Department of Pathology , Harvard Medical School , Boston , Massachusetts , United States.
Department of Pathology , Boston Children's Hospital , Boston , Massachusetts , United States.
J Proteome Res. 2018 May 4;17(5):1983-1992. doi: 10.1021/acs.jproteome.8b00111. Epub 2018 Apr 19.
Blood is an ideal body fluid for the discovery or monitoring of diagnostic and prognostic protein biomarkers. However, discovering robust biomarkers requires the analysis of large numbers of samples to appropriately represent interindividual variability. To address this analytical challenge, we established a high-throughput and cost-effective proteomics workflow for accurate and comprehensive proteomics at an analytical depth applicable for clinical studies. For validation, we processed 1 μL each from 62 plasma samples in 96-well plates and analyzed the product by quantitative data-independent acquisition liquid chromatography/mass spectrometry; the data were queried using feature quantification with Spectronaut. To show the applicability of our workflow to serum, we analyzed a unique set of samples from 48 chronic pancreatitis patients, pre and post total pancreatectomy with islet autotransplantation (TPIAT) surgery. We identified 16 serum proteins with statistically significant abundance alterations, which represent a molecular signature distinct from that of chronic pancreatitis. In summary, we established a cost-efficient high-throughput workflow for comprehensive proteomics using PVDF-membrane-based digestion that is robust, automatable, and applicable to small plasma and serum volumes, e.g., finger stick. Application of this plasma/serum proteomics workflow resulted in the first mapping of the molecular implications of TPIAT on the serum proteome.

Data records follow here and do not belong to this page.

(* Let $\mathcal K$ be a quantum channel on $n\times n$ matrices described by Kraus operators $K_1,\dots,K_d\in\mathbb C^{n\times n}$ (with $\mathcal K(\rho)=\sum_j K_j\rho K_j^\dagger$, $\sum_j K_j^\dagger K_j=I_n$). Then $$\cos^{-1}\left[\frac1n\sqrt{\sum_{j=1}^d\lvert\mathrm{Tr}(K_j)\rvert^2}\right]\le\lVert\mathcal K\rVert,$$ with $\cos^{-1}$ taking values in $[0,\pi]$.
   Context: For a unitary matrix $U$ of size $r$ with eigenvalues $e^{i\theta_j}$, $\theta_j\in(-\pi,\pi]$, its time-energy cost is $\lVert U\rVert=\max_{1\le j\le r}|\theta_j|$. For a quantum channel $\mathcal K$ acting on an $n$-dimensional system $A$, its time-energy cost is $\lVert\mathcal K\rVert=\inf_U\lVert U\rVert$, where the infimum is over all finite-dimensional ancilla systems $B$ with a fixed standard state $|0\rangle_B$ and all unitaries $U_{BA}$ on $B\otimes A$ such that $\mathcal K(\rho)=\mathrm{Tr}_B[U_{BA}(|0\rangle_B\langle 0|\otimes\rho_A)U_{BA}^\dagger]$ for all density matrices $\rho$ on $A$. *)

theory Defs
  imports "HOL-Analysis.Analysis" "Jordan_Normal_Form.Matrix" "Jordan_Normal_Form.Char_Poly"
begin

definition dag :: "complex mat \<Rightarrow> complex mat" where
  "dag A = mat (dim_col A) (dim_row A) (\<lambda>(i,j). cnj (A $$ (j,i)))"

definition mtrace :: "complex mat \<Rightarrow> complex" where
  "mtrace A = (\<Sum>i<dim_row A. A $$ (i,i))"

definition is_unitary :: "nat \<Rightarrow> complex mat \<Rightarrow> bool" where
  "is_unitary N U \<longleftrightarrow> U \<in> carrier_mat N N \<and> dag U * U = 1\<^sub>m N"

definition density :: "nat \<Rightarrow> complex mat \<Rightarrow> bool" where
  "density n \<rho> \<longleftrightarrow> \<rho> \<in> carrier_mat n n \<and> dag \<rho> = \<rho>
     \<and> (\<forall>v \<in> carrier_vec n. 0 \<le> Re (\<Sum>i<n. cnj (v $ i) * (\<rho> *\<^sub>v v) $ i))
     \<and> mtrace \<rho> = 1"

text \<open>Kronecker product B \<otimes> A of an m x m and an n x n matrix; basis index (b,a) is b*n+a.\<close>
definition kron :: "nat \<Rightarrow> nat \<Rightarrow> complex mat \<Rightarrow> complex mat \<Rightarrow> complex mat" where
  "kron m n X Y = mat (m*n) (m*n) (\<lambda>(i,j). X $$ (i div n, j div n) * Y $$ (i mod n, j mod n))"

definition proj0 :: "nat \<Rightarrow> complex mat" where
  "proj0 m = mat m m (\<lambda>(i,j). if i = 0 \<and> j = 0 then 1 else 0)"

definition ptrace_B :: "nat \<Rightarrow> nat \<Rightarrow> complex mat \<Rightarrow> complex mat" where
  "ptrace_B m n X = mat n n (\<lambda>(a,a'). \<Sum>b<m. X $$ (b*n+a, b*n+a'))"

definition kraus_apply :: "nat \<Rightarrow> complex mat list \<Rightarrow> complex mat \<Rightarrow> complex mat" where
  "kraus_apply n Ks \<rho> = foldr (\<lambda>K acc. K * \<rho> * dag K + acc) Ks (0\<^sub>m n n)"

definition kraus_channel :: "nat \<Rightarrow> complex mat list \<Rightarrow> bool" where
  "kraus_channel n Ks \<longleftrightarrow> (\<forall>K \<in> set Ks. K \<in> carrier_mat n n)
     \<and> foldr (\<lambda>K acc. dag K * K + acc) Ks (0\<^sub>m n n) = 1\<^sub>m n"

text \<open>Time-energy cost of a unitary: max |theta_j| over eigenvalues e^{i theta_j}, theta_j in (-pi,pi].\<close>
definition unitary_cost :: "complex mat \<Rightarrow> real" where
  "unitary_cost U = Max {abs (Arg z) | z. eigenvalue U z}"

definition channel_cost :: "nat \<Rightarrow> complex mat list \<Rightarrow> real" where
  "channel_cost n Ks = Inf {unitary_cost U | U. \<exists>m>0. is_unitary (m*n) U \<and>
      (\<forall>\<rho>. density n \<rho> \<longrightarrow> kraus_apply n Ks \<rho> = ptrace_B m n (U * kron m n (proj0 m) \<rho> * dag U))}"

end

theory Submission
  imports Defs "Jordan_Normal_Form.Spectral_Radius"
begin

text \<open>Let U be a unitary on B \<otimes> A realizing the channel, and let U_b be the b-th n x n block
  of its first block column. Comparing the Choi matrices of the Kraus form and of U on pure states
  (and polarizing) gives \<Sum>_j |Tr K_j|^2 = \<Sum>_b |Tr U_b|^2, so |Tr U_0| is at most the square root
  of the left-hand side. Every diagonal entry of a unitary is a convex combination of its
  eigenvalues, so Re U_pp \<ge> cos \<parallel>U\<parallel> and hence n cos \<parallel>U\<parallel> \<le> Re Tr U_0. Since the
  left-hand side is at most n^2 (Cauchy-Schwarz and \<Sum>_j K_j* K_j = 1), applying arccos bounds
  \<parallel>U\<parallel> for every realization, hence the infimum; realizations exist because the stacked Kraus
  operators form an isometry, which extends to a unitary.\<close>

lemma index_mult_mat_sum:
  assumes "A \<in> carrier_mat a b" "B \<in> carrier_mat b c" "i < a" "j < c"
  shows "(A * B) $$ (i,j) = (\<Sum>l<b. A $$ (i,l) * B $$ (l,j))"
  using assms by (auto simp: scalar_prod_def lessThan_atLeast0 intro!: sum.cong)

lemma row_scalar_prod_col_sum:
  "i < dim_row A \<Longrightarrow> j < dim_col B \<Longrightarrow> dim_col A = dim_row B \<Longrightarrow>
    Matrix.row A i \<bullet> col B j = (\<Sum>l<dim_col A. A $$ (i,l) * B $$ (l,j))"
  by (auto simp: scalar_prod_def lessThan_atLeast0 intro!: sum.cong)

lemma index_mult_mat3_sum:
  assumes "A \<in> carrier_mat a b" "B \<in> carrier_mat b c" "C \<in> carrier_mat c d" "i < a" "j < d"
  shows "(A * B * C) $$ (i,j) = (\<Sum>l<c. (\<Sum>k<b. A $$ (i,k) * B $$ (k,l)) * C $$ (l,j))"
  by (subst index_mult_mat_sum[of "A*B" a c C d])
    (use assms in \<open>auto simp: row_scalar_prod_col_sum intro!: sum.cong\<close>)

lemma index_mult_mat_vec_sum:
  fixes x :: "'a::comm_semiring_1 vec"
  assumes "A \<in> carrier_mat n m" "x \<in> carrier_vec m" "p < n"
  shows "(A *\<^sub>v x) $ p = (\<Sum>q<m. A $$ (p,q) * x $ q)"
  using assms by (auto simp: scalar_prod_def lessThan_atLeast0 intro!: sum.cong)

lemma nonzero_vec_ex_nonzero_index:
  fixes x :: "'a::zero vec"
  assumes "x \<in> carrier_vec n" "x \<noteq> 0\<^sub>v n"
  shows "\<exists>i<n. x $ i \<noteq> 0"
  using assms by (metis eq_vecI index_zero_vec carrier_vecD)

lemma sum_swap3:
  "(\<Sum>a\<in>A. \<Sum>b\<in>B. \<Sum>c\<in>C. f a b c) = (\<Sum>b\<in>B. \<Sum>c\<in>C. \<Sum>a\<in>A. f a b c)"
  by (subst sum.swap) (simp add: sum.swap[of _ A C])

lemma sum_delta_mult_left:
  "(\<Sum>k<(N::nat). (if i = k then 1 else 0) * f k) = (if i < N then f i else (0::'a::comm_semiring_1))"
  by (subst sum.cong[OF refl, of _ _ "\<lambda>k. if i = k then f k else 0"]) (auto simp: sum.delta)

血液是发现或监测诊断和预后蛋白生物标志物的理想体液。然而,发现稳健的生物标志物需要分析大量的样本,以适当代表个体间的变异性。为了解决这一分析挑战,我们建立了一种高通量且具有成本效益的蛋白质组学工作流程,用于在适用于临床研究的分析深度上进行准确和全面的蛋白质组学分析。为了进行验证,我们从 96 孔板中的 62 个血浆样本中各处理 1μL,并通过定量数据非依赖性采集液相色谱/质谱法对产物进行分析;使用 Spectronaut 进行特征量化查询数据。为了展示我们的工作流程对血清的适用性,我们分析了一组来自 48 例慢性胰腺炎患者的独特样本,这些患者在接受全胰切除术伴胰岛自体移植(TPIAT)手术后的术前和术后。我们鉴定出 16 种血清蛋白的丰度发生了统计学上显著的改变,这些蛋白代表了与慢性胰腺炎不同的分子特征。总之,我们建立了一种基于 PVDF 膜消化的高效、高通量的全面蛋白质组学工作流程,该流程具有稳健性、自动化性,并且适用于小体积的血浆和血清,例如指尖采血。该血浆/血清蛋白质组学工作流程的应用首次描绘了 TPIAT 对血清蛋白质组的分子影响。